U.S. Health Secretary, religious leaders discuss health care reform's early implementation

January 26, 2011

U.S. Health and Human Services Secretary Kathleen Sebelius hosted a telephone conference Jan. 27 with community and religious leaders from across the nation, including Diocese of West Missouri Bishop Barry R. Howe, to discuss the Obama administration's views on how the Affordable Care Act – aka the health care act -- is helping Americans gain more freedom and control in their health care choices.

"Over the last 10 months as we've implemented the health care act, we've really tried to work hand-in-hand with partners in states and communities to not only deliver new benefits but to make sure community members know how to access benefits, particularly in our most vulnerable populations," Sebelius said during the call.

"Among our most effective and determined partners are faith and community leaders. No one knows the needs of their communities better than ministers, rabbis, imams and other faith and community partners," she added. "They are the ones who families turn to when they need assistance and support, and they do so much day in and day out to link their members to services that are available. Often faith and community leaders have seen the consequences of a health care system that has failed way too many Americans. So as we build a stronger, more prosperous country we need to be able to count on their leadership."

Sebelius talked about how preliminary implementation of the law has helped small businesses lower their costs, provided more affordable prescription drug options for seniors, helped children gain access to health care regardless of pre-existing conditions and allowed young adults to stay on their parents' health care plans.

Health care reform has been a flashpoint with some Americans since President Barack Obama made it his domestic policy priority. On Jan. 19, as promised by Republicans in the leadup to the November 2010 mid-term elections, the U.S. House of Representatives voted 245 to 189, with three Democrats joining with Republicans, to repeal the Affordable Care Act.

Sebelius reiterated that in the president's State of the Union address Jan. 25, Obama said he would be willing to work with anyone to improve or fix the legislation.

"But what we can't afford to do is refight the battles of the last two years and return to the past; return to a broken system whose consequences our faith leaders saw each and every day," Sebelius said. "Ten months after the president signed a new health law, the reforms are already making a difference in American's lives. In the months and years ahead we have a lot of work cut out for us and we'll continue to count on our great partners in faith and community leaders for their perspective, their outreach and determination."

Following Sebelius's remarks, the religious and community leaders offered personal stories and stories from their parishes and communities to illustrate how health care reform is working among them.

In his remarks, Howe, who serves as chairman of the board of St. Luke's Hospital in Kansas City, Missouri, and also on the board of St.

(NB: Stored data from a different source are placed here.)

(* Let $\rho$ be a fermionic state of $\mathsf{L}_\mathsf{F}$, $N\ge1$ and $\varepsilon>0$. The projector $P_{N,\varepsilon}(\rho)$ onto the $\varepsilon$-typical subspace of $\rho$ is (the Jordan–Wigner representative of) the Kraus operator of an admissible fermionic transformation on $\mathsf{L}_\mathsf{F}^{\boxtimes N}$.
   Context: A system $\mathsf{L}_\mathsf{F}$ of $L$ local fermionic modes is described by field operators $\varphi_1,\dots,\varphi_L$ with canonical anticommutation relations; the Jordan–Wigner isomorphism $J$ identifies the Fock basis $(\varphi_1^\dagger)^{n_1}\cdots(\varphi_L^\dagger)^{n_L}|\Omega\rangle$ with the computational basis of $L$ qubits, with $J(\varphi_i)=(\bigotimes_{l<i}\sigma^z_l)\otimes\sigma^-_i\otimes(\bigotimes_{k>i}I_k)$, extended linearly and multiplicatively. Fermionic states $\rho$ are linear combinations of products of an even number of field operators with $J(\rho)\geq0$ block-diagonal in the even/odd total-occupation subspaces; $\rho^{\boxtimes N}$ is the $N$-copy state, with $J(\rho^{\boxtimes N})=J(\rho)^{\otimes N}$. Admissible fermionic transformations are completely positive maps whose Kraus operators each are linear combinations of products of field operators with either all an even or all an odd number of factors. Typical subspace: let $J(\rho)=\sum_i p_i|x_i\rangle\langle x_i|$ be an orthonormal eigendecomposition, $X$ the random variable with values $x_i$ and probabilities $p_i$, and $S_f(\rho)=-\sum_ip_i\log_2p_i$. For a sequence $\mathbf{i}=(i_1,\dots,i_N)$ let $|x_{\mathbf{i}}\rangle=|x_{i_1}\rangle\otimes\cdots\otimes|x_{i_N}\rangle$ and $p_{\mathbf{i}}=\prod_jp_{i_j}$; the sequence is $\varepsilon$-typical if $|\frac1N\log_2\frac{1}{p_{\mathbf{i}}}-S_f(\rho)|\leq\varepsilon$. Then $P_{N,\varepsilon}(\rho):=\sum_{\mathbf{i}\ \varepsilon\text{-typical}}|x_{\mathbf{i}}\rangle\langle x_{\mathbf{i}}|$. *)

theory Defs
  imports Complex_Main "Jordan_Normal_Form.Matrix"
begin

text \<open>Operators on n qubits (equivalently, via Jordan-Wigner, on n fermionic modes) are
complex 2^n x 2^n matrices. The computational basis index x < 2^n encodes the occupation
numbers: the occupation of mode k (k < n, mode 1 of the paper is k = 0) is the
(n-1-k)-th binary digit of x, so mode 0 is the most significant bit. With this convention
the Kronecker product of states of copies 1,...,N agrees with the natural mode ordering
of the N*L-mode system.\<close>

definition occ :: "nat \<Rightarrow> nat \<Rightarrow> nat \<Rightarrow> bool" where
  "occ n k x \<longleftrightarrow> odd (x div 2 ^ (n - 1 - k))"

text \<open>Jordan-Wigner image of the annihilation operator of mode i:
 (sigma^z on modes l < i) tensor sigma^- on mode i tensor identities, with
 sigma^z |m> = (-1)^m |m> and sigma^- = |0><1|.\<close>
definition field_op :: "nat \<Rightarrow> nat \<Rightarrow> complex mat" where
  "field_op n i = mat (2 ^ n) (2 ^ n) (\<lambda>(x, y).
     if occ n i y \<and> x + 2 ^ (n - 1 - i) = y
     then (-1) ^ card {l. l < i \<and> occ n l y} else 0)"

definition adj :: "complex mat \<Rightarrow> complex mat" where
  "adj A = mat (dim_col A) (dim_row A) (\<lambda>(i, j). cnj (A $$ (j, i)))"

definition field :: "nat \<Rightarrow> nat \<times> bool \<Rightarrow> complex mat" where
  "field n f = (if snd f then adj (field_op n (fst f)) else field_op n (fst f))"

definition field_prod :: "nat \<Rightarrow> (nat \<times> bool) list \<Rightarrow> complex mat" where
  "field_prod n w = foldr (\<lambda>f M. field n f * M) w (1\<^sub>m (2 ^ n))"

definition parity_ops :: "nat \<Rightarrow> bool \<Rightarrow> complex mat set" where
  "parity_ops n b = {M. \<exists>cws :: (complex \<times> (nat \<times> bool) list) list.
      (\<forall>(c, w) \<in> set cws. (\<forall>f \<in> set w. fst f < n) \<and> even (length w) = b) \<and>
      M = foldr (\<lambda>(c, w) S. c \<cdot>\<^sub>m field_prod n w + S) cws (0\<^sub>m (2 ^ n) (2 ^ n))}"

definition even_ops :: "nat \<Rightarrow> complex mat set" where
  "even_ops n = parity_ops n True"

definition odd_ops :: "nat \<Rightarrow> complex mat set" where
  "odd_ops n = parity_ops n False"

definition parity :: "nat \<Rightarrow> nat \<Rightarrow> bool" where
  "parity n x = even (card {k. k < n \<and> occ n k x})"

definition psd :: "complex mat \<Rightarrow> nat \<Rightarrow> bool" where
  "psd A d \<longleftrightarrow> A \<in> carrier_mat d d \<and> adj A = A \<and>
     (\<forall>v \<in> carrier_vec d. Re (conjugate v \<bullet> (A *\<^sub>v v)) \<ge> 0)"

definition fermionic_state :: "nat \<Rightarrow> complex mat \<Rightarrow> bool" where
  "fermionic_state L \<rho> \<longleftrightarrow> \<rho> \<in> even_ops L \<and> psd \<rho> (2 ^ L) \<and> (\<Sum>i<2 ^ L. \<rho> $$ (i, i)) = 1 \<and>
     (\<forall>x < 2 ^ L. \<forall>y < 2 ^ L. parity L x \<noteq> parity L y \<longrightarrow> \<rho> $$ (x, y) = 0)"

definition outer :: "complex vec \<Rightarrow> complex mat" where
  "outer v = mat (dim_vec v) (dim_vec v) (\<lambda>(i, j). v $ i * cnj (v $ j))"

Luke's Health System, an 11-hospital system, said that the health care legislation, when fully implemented, will take some of the financial burden off non-profit, faith-based hospitals and institutions.

"We are committed to carrying for all who come through the doors of our hospitals ... and when people cannot get insurance coverage, or are cut off from traditional ways of treatment through going to doctors, they end up using the emergency room of the hospital as their place of primary care," he said, adding that the hospitals are forced to absorb the costs of most of this "charity care" to the sum of millions of dollars annually.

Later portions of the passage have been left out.